One popular iteration of open relationship structures is monogamish. A term coined by a popular advice columnist Dan Savage, monogamish is loosely described as a committed but sexually nonexclusive long-term relationship. In essence, it is a mostly monogamous relationship with couple exceptions to the rule.


“This is my boyfriend, Derek. And this is Derek’s boyfriend, Ben.” – April Ludgate, Parks & Recreation S02E01, NBC.

Polyamory is defined as a practice of seeking ethical and consensual committed relationship with more than one partner. Polyamory can both be a preferred relationship structure (i.e. I prefer to do polyamorous relationships) and an identity (i.e. I am polyamorous).
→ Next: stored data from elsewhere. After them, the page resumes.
text \<open>Any other member of bold-R containing R - z - a classwise is the move of a into m:
  it agrees with R off a, and a cannot stay in its class, so it must go to a class of R
  avoiding C_ka, which is m.\<close>
lemma move_pt_unique:
  assumes R'': "R'' \<in> bmz_R d r c" and ne: "R'' \<noteq> R"
    and contains: "\<forall>i\<in>{1..r}. R i - {z} - {a} \<subseteq> R'' i"
  shows "R'' = move_pt R a m"
proof -
  have same: "cls R'' p = cls R p" if p: "p \<in> ground" "p \<noteq> a" for p
  proof (cases "p = z")
    case True
    then show ?thesis
      using cls_eq[OF R _ z_in_last_class[OF R]] cls_eq[OF R'' _ z_in_last_class[OF R'']] r_ge_2
      by simp
  next
    case False
    then show ?thesis using contains mem_cls[OF R p(1)] cls_in[OF R p(1)] p(2)
      by (intro cls_eq[OF R'']) auto
  qed
  define i2 where "i2 = cls R'' a"
  have i2: "i2 \<in> {1..r}" "a \<in> R'' i2"
    unfolding i2_def using cls_in[OF R'' a_in_ground] mem_cls[OF R'' a_in_ground] by auto
  have "i2 \<noteq> cls R a"
    using bmz_R_eqI[OF R'' R] same ne unfolding i2_def by metis
  then have "a \<notin> R i2" using cls_eq[OF R i2(1)] by auto
  have "R i2 \<inter> block ka = {}"
  proof (rule ccontr)
    assume "R i2 \<inter> block ka \<noteq> {}"
    then obtain p where p: "p \<in> R i2" "p \<in> block ka" by auto
    with \<open>a \<notin> R i2\<close> have "p \<noteq> a" by auto
    then have "p \<in> R'' i2"
      using same[of p] p class_in_ground[OF R i2(1)] mem_iff_cls[OF R'' i2(1)]
        mem_iff_cls[OF R i2(1)] by auto
    then show False
      using rainbow[OF R'' i2(1) _ _ p(2) i2(2) a_in_block] ka \<open>p \<noteq> a\<close> by auto
  qed
  then have "i2 = m" using avoiding_class_unique i2(1) by blast
  show ?thesis
    using \<open>i2 = m\<close> same cls_move_pt unfolding i2_def
    by (intro bmz_R_eqI[OF R'' move_pt_in_bmz_R]) auto
qed

end

end

context bmz_collection
begin

theorem unique_neighbour:
  assumes R: "R \<in> bmz_R d r c" and a: "a \<in> ground - {z}"
  shows "\<exists>R'. R' \<in> bmz_R d r c \<and> R' \<noteq> R \<and> (\<forall>i\<in>{1..r}. R i - {z} - {a} \<subseteq> R' i - {z}) \<and>
           csgn d r c R' = - csgn d r c R \<and>
           (\<forall>R''. R'' \<in> bmz_R d r c \<and> R'' \<noteq> R \<and> (\<forall>i\<in>{1..r}. R i - {z} - {a} \<subseteq> R'' i - {z})
              \<longrightarrow> R'' = R')"
proof -
  obtain ka ja where ka: "ka \<in> {1..d+1}" and ja: "ja \<in> {1..r-1}" and a_eq: "a = elt ka ja"
    using a by (auto elim: ground_elt)
  interpret blk: partial_perm r "block_classes R ka" by (rule block_classes_partial_perm[OF R ka])
  have avoid: "R blk.missing \<inter> block ka = {}"
    using class_avoids_block_iff_missing[OF R ka blk.missing_in] by simp
  note move = ka ja a_eq blk.missing_in avoid
  let ?R' = "move_pt R a blk.missing"
  have "a \<in> ?R' blk.missing" "a \<notin> R blk.missing"
    using mem_move_pt[OF R move] avoid a_in_block[OF R move] by auto
  then have "?R' \<noteq> R" by metis
  moreover have "\<forall>i\<in>{1..r}. R i - {z} - {a} \<subseteq> ?R' i - {z}"
    using mem_move_pt[OF R move] by auto
  moreover have "R'' = ?R'"
    if "R'' \<in> bmz_R d r c" "R'' \<noteq> R" "\<forall>i\<in>{1..r}. R i - {z} - {a} \<subseteq> R'' i - {z}" for R''
    using move_pt_unique[OF R move that(1,2)] that(3) by blast
  ultimately show ?thesis
    using move_pt_in_bmz_R[OF R move] csgn_move_pt[OF R move] by blast
qed

end

theorem lemma8:
  fixes c :: "nat \<Rightarrow> real^'d" and w :: "nat \<Rightarrow> real^'m"
    and r :: nat and R :: "nat \<Rightarrow> (real^'d) set" and a :: "real^'d"
  assumes "r \<ge> 2"
    and "CARD('m) = r - 1"
    and "regular_simplex_centered r w"
    and "inj_on c {1 .. bmzN CARD('d) r + 1}"
    and "R \<in> bmz_R CARD('d) r c"
    and "a \<in> bmz_ground CARD('d) r c - {bmz_z CARD('d) r c}"
  shows "\<exists>R'. R' \<in> bmz_R CARD('d) r c \<and> R' \<noteq> R \<and>
           bmz_Phi w r (remove_pt (remove_pt R (bmz_z CARD('d) r c)) a)
             \<subseteq> bmz_Phi w r (remove_pt R' (bmz_z CARD('d) r c)) \<and>
           csgn CARD('d) r c R' = - csgn CARD('d) r c R \<and>
           (\<forall>R''. R'' \<in> bmz_R CARD('d) r c \<and> R'' \<noteq> R \<and>
              bmz_Phi w r (remove_pt (remove_pt R (bmz_z CARD('d) r c)) a)
                \<subseteq> bmz_Phi w r (remove_pt R'' (bmz_z CARD('d) r c)) \<longrightarrow> R'' = R')"
proof -
  interpret bmz_collection "CARD('d)" r c
    using assms(1,4) by unfold_locales
  have face_iff: "bmz_Phi w r (remove_pt (remove_pt R z) a) \<subseteq> bmz_Phi w r (remove_pt R' z)
      \<longleftrightarrow> (\<forall>i\<in>{1..r}. R i - {z} - {a} \<subseteq> R' i - {z})" for R'
    by (simp add: bmz_Phi_subset_iff[OF assms(1,3)] remove_pt_def)
  show ?thesis
    unfolding face_iff using unique_neighbour[OF assms(5,6)] .
qed

end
In a future post, we will do a deep dive into all the wildly different variations of polyamorous relationships and the current trends in modern dating.

Polyamory is different from open relationships and swinging in that the focus of polyamorous relationships is in developing emotional connection rather than a sexual one. For example, I have encountered many lovely asexual folks who all had incredible practices of their own polyamorous relationships that did not include sex in their own relationships.

Polyamory is also different from swinging and open relationship in that participants don’t necessarily have to be partnered. Single folks on their own polyamorous journey would be classified solo poly. In the above captioned image, we get to see a traditional V hinge polyamorous relationship where Derek is the hinge partner between April and Ben, where April and Ben are not romantically involved.

Exclusive? Inclusive.

One of the most fascinating learnings I have personally experienced in my own journey through polyamory is that so many different people love in different ways. Swinging is just as valid as open relationships. Different variations of polyamory are all just as valid as another. In addition, you can absolutely have an open relationship-like approach while being more polyamorous. And you can absolutely attend swingers clubs to swing while you are in a traditional open relationship.

The one certain thing about life is that life is always changing. And relationship structures and preferences can change overnight. Some swingers often have to establish firm boundaries regarding emotional attachment. Some monofolks often discover that they are open to exploring polyamorous relationships after an infidelitous experience. And a lot of folks roll back to exclusive relationships or take pauses after particularly bad swinging or open experiences.